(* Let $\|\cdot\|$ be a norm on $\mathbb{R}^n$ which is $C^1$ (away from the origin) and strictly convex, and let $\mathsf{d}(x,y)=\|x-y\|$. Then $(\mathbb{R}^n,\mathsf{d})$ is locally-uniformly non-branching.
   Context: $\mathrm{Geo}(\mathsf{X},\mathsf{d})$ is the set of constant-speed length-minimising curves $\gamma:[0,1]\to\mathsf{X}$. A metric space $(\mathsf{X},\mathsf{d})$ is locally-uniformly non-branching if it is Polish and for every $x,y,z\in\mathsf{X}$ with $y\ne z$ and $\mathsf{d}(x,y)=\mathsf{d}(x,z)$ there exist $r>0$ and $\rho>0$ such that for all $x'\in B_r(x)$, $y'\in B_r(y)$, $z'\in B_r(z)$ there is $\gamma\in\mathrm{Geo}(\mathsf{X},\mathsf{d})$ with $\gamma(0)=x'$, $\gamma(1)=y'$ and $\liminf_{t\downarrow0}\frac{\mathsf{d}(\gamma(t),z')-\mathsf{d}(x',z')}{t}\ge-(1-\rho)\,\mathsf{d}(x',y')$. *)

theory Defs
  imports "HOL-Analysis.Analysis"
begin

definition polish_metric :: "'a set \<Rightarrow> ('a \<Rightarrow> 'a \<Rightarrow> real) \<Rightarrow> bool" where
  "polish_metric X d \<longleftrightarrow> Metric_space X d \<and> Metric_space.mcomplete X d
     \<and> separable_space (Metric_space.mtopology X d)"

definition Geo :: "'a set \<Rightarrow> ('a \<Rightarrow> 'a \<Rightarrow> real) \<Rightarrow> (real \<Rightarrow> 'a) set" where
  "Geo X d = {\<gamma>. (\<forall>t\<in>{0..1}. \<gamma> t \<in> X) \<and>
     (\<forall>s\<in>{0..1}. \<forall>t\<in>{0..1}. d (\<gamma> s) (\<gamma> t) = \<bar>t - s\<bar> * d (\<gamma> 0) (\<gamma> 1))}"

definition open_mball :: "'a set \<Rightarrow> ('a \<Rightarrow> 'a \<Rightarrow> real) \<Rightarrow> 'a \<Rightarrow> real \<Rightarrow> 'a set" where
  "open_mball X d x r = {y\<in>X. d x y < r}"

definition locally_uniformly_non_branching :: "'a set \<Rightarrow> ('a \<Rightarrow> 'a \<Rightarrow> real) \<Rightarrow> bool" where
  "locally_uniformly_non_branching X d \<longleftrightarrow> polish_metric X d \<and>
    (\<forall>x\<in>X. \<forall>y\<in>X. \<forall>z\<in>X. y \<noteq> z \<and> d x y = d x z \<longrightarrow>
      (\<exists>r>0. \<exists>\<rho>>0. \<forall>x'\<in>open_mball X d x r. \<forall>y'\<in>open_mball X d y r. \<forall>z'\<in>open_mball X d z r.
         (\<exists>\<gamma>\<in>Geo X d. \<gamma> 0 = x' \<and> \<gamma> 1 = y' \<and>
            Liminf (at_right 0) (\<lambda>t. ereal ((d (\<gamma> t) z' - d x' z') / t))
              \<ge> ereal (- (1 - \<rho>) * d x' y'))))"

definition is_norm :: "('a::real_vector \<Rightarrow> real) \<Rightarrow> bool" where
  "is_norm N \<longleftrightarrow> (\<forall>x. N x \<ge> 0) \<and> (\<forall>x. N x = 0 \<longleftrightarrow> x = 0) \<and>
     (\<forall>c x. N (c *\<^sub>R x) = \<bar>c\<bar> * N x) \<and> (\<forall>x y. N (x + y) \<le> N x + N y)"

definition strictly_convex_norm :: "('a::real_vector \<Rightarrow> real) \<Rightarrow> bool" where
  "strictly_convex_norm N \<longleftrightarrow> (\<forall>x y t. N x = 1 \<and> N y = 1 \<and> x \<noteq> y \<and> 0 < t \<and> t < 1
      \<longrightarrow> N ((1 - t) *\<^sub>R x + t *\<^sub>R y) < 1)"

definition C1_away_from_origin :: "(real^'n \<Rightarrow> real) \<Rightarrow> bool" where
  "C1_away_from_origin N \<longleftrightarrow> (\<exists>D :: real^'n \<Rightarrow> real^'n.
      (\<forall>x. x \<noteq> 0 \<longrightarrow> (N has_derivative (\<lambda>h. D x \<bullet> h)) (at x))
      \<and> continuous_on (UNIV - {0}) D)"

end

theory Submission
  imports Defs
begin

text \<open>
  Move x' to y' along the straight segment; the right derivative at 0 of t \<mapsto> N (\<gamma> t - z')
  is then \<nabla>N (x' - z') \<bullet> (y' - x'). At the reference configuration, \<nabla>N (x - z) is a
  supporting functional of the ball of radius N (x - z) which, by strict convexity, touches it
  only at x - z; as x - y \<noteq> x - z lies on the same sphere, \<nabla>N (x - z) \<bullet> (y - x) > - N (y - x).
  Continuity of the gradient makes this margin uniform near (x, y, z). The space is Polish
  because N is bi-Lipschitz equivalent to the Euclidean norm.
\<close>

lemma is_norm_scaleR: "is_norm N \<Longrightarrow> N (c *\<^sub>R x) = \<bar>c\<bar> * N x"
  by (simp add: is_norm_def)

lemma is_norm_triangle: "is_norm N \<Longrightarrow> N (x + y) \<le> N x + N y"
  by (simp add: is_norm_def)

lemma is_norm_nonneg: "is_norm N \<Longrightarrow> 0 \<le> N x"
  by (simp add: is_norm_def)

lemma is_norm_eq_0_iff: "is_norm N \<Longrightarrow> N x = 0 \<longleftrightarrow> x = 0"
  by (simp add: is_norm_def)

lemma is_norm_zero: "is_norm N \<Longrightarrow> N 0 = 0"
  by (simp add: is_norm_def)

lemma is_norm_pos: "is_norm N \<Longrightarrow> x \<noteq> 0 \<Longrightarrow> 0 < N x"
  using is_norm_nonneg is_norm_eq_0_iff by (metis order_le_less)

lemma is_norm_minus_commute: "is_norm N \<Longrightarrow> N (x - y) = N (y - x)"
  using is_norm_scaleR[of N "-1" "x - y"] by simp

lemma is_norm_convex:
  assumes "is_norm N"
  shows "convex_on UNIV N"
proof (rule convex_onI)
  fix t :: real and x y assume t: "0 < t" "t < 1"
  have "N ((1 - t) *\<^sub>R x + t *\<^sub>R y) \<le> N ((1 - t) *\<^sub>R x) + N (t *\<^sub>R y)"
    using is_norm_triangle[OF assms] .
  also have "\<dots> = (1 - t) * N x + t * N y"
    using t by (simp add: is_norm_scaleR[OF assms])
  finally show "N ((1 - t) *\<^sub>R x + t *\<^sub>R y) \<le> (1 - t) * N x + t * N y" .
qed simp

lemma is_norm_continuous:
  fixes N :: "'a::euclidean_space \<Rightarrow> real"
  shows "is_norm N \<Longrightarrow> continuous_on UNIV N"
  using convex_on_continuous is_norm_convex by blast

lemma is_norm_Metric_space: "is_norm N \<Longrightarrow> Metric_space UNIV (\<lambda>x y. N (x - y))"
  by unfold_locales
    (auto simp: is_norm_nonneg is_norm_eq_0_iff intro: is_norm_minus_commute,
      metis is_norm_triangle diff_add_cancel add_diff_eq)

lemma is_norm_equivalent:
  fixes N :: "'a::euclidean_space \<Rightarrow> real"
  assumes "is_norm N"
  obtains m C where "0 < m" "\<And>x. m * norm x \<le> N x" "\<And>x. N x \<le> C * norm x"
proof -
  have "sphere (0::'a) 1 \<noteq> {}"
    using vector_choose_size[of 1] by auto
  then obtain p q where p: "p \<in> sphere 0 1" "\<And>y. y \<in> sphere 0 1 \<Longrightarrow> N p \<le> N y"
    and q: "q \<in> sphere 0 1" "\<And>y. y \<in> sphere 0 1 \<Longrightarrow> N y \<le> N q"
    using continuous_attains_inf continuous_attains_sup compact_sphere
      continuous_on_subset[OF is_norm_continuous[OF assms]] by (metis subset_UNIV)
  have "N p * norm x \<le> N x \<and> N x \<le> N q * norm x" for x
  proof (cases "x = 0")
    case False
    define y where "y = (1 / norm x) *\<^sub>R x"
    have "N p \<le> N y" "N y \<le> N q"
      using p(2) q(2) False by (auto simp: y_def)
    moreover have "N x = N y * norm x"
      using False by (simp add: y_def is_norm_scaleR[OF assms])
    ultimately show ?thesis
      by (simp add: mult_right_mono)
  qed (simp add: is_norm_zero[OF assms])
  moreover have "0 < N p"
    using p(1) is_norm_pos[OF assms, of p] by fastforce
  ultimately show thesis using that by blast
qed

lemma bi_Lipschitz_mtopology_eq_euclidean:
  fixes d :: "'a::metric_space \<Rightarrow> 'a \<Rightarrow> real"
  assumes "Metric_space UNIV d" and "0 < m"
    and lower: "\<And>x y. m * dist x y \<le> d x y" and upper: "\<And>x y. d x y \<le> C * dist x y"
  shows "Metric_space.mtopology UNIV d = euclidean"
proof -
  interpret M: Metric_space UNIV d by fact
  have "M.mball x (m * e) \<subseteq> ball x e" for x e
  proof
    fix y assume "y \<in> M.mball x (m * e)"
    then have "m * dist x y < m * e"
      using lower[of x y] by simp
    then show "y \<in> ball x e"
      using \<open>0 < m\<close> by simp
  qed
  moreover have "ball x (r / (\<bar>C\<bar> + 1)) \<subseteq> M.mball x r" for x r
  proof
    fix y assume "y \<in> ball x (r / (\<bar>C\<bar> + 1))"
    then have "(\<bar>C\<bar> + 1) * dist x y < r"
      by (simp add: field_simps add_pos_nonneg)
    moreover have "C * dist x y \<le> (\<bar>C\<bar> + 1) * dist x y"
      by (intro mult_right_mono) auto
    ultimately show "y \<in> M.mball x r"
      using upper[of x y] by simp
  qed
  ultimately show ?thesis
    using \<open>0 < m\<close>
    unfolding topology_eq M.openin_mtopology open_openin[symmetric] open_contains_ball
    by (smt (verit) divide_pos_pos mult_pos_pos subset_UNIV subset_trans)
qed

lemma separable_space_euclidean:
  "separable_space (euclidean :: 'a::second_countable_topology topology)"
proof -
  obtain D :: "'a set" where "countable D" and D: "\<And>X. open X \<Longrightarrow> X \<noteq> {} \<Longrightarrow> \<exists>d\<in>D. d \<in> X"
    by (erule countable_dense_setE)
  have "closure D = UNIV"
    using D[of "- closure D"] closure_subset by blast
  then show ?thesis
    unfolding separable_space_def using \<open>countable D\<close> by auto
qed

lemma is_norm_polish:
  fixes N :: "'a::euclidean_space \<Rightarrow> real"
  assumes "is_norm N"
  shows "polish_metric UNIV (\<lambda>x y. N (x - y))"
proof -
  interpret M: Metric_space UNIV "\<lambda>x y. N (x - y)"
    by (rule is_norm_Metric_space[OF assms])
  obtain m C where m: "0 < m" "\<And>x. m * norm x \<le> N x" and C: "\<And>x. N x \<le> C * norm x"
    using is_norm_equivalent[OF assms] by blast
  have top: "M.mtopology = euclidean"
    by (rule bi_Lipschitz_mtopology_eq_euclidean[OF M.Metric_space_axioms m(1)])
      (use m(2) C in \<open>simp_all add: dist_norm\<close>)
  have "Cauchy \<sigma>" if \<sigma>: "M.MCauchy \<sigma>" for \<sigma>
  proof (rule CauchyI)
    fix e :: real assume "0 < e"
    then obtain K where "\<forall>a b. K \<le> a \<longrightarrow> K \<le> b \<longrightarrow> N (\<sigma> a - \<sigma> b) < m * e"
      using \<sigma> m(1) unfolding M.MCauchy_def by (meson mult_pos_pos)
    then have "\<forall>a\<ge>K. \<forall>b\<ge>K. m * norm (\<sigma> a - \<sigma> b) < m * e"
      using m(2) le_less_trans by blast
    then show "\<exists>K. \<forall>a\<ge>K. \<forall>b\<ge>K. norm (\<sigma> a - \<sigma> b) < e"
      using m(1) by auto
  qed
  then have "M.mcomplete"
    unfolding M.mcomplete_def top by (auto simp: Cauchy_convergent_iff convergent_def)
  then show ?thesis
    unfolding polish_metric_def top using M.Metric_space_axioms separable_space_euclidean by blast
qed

* * *

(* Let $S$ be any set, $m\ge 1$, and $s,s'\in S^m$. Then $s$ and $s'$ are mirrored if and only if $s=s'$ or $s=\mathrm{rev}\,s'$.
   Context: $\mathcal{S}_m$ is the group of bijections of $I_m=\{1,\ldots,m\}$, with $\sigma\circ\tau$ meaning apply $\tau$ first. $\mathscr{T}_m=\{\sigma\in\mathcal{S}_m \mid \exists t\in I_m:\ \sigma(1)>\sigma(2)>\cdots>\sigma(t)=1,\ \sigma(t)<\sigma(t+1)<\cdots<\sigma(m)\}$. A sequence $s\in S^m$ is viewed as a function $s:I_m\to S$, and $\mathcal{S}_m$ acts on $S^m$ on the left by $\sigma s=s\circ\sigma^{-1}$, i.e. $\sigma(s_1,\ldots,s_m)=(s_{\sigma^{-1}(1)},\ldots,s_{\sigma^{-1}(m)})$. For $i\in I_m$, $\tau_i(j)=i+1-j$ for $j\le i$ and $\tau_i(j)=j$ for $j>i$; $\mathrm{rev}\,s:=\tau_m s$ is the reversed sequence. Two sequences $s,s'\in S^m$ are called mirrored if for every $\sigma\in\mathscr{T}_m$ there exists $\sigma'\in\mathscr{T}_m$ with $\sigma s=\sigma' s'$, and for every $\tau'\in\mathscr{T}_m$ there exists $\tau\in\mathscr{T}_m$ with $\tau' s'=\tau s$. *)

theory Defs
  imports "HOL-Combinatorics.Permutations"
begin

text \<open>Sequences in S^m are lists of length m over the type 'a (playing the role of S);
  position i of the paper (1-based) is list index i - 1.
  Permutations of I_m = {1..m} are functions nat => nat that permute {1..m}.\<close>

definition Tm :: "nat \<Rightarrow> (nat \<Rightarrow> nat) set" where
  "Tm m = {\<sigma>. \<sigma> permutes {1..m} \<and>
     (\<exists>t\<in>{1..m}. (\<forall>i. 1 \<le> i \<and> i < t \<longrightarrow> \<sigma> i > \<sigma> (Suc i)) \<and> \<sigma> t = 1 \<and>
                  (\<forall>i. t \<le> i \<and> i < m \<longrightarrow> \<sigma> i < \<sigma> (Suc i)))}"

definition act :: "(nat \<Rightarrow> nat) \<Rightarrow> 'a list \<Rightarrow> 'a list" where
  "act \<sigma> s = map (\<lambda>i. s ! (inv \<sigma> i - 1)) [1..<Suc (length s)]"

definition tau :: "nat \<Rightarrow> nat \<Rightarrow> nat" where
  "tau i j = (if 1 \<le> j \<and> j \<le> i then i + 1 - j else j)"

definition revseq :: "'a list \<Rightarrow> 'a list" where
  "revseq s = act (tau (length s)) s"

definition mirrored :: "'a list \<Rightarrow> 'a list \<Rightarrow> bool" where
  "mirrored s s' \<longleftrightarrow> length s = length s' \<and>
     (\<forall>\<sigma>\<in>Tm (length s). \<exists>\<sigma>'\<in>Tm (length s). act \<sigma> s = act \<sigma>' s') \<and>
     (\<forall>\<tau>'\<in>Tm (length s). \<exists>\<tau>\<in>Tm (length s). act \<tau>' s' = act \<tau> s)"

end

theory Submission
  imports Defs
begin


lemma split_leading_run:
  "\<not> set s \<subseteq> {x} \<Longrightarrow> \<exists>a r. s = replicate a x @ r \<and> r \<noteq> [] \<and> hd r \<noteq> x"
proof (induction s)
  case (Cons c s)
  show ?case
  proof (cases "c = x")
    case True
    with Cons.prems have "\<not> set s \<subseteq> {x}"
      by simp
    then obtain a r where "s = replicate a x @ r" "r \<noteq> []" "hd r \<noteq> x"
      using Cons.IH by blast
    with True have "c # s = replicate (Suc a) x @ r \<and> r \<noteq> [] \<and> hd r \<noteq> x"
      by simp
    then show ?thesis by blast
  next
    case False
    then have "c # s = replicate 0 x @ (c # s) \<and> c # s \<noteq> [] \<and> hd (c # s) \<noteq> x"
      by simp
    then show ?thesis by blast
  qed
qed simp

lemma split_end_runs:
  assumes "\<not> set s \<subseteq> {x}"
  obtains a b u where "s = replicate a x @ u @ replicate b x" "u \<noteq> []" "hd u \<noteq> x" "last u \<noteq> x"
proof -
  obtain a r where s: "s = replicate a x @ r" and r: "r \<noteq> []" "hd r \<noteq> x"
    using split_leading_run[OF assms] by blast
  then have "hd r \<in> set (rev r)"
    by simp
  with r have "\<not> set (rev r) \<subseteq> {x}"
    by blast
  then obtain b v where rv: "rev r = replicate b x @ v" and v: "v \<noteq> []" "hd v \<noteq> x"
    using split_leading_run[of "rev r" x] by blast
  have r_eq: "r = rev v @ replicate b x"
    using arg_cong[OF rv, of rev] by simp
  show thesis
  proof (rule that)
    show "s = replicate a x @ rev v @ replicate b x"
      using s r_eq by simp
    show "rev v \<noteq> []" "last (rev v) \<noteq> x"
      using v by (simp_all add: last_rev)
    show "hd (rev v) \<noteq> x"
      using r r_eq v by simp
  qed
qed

Requirement: Gather every line from the entries above where the word "revseq" appears, and copy them.

Response to the task:
definition revseq :: "'a list \<Rightarrow> 'a list" where
  "revseq s = act (tau (length s)) s"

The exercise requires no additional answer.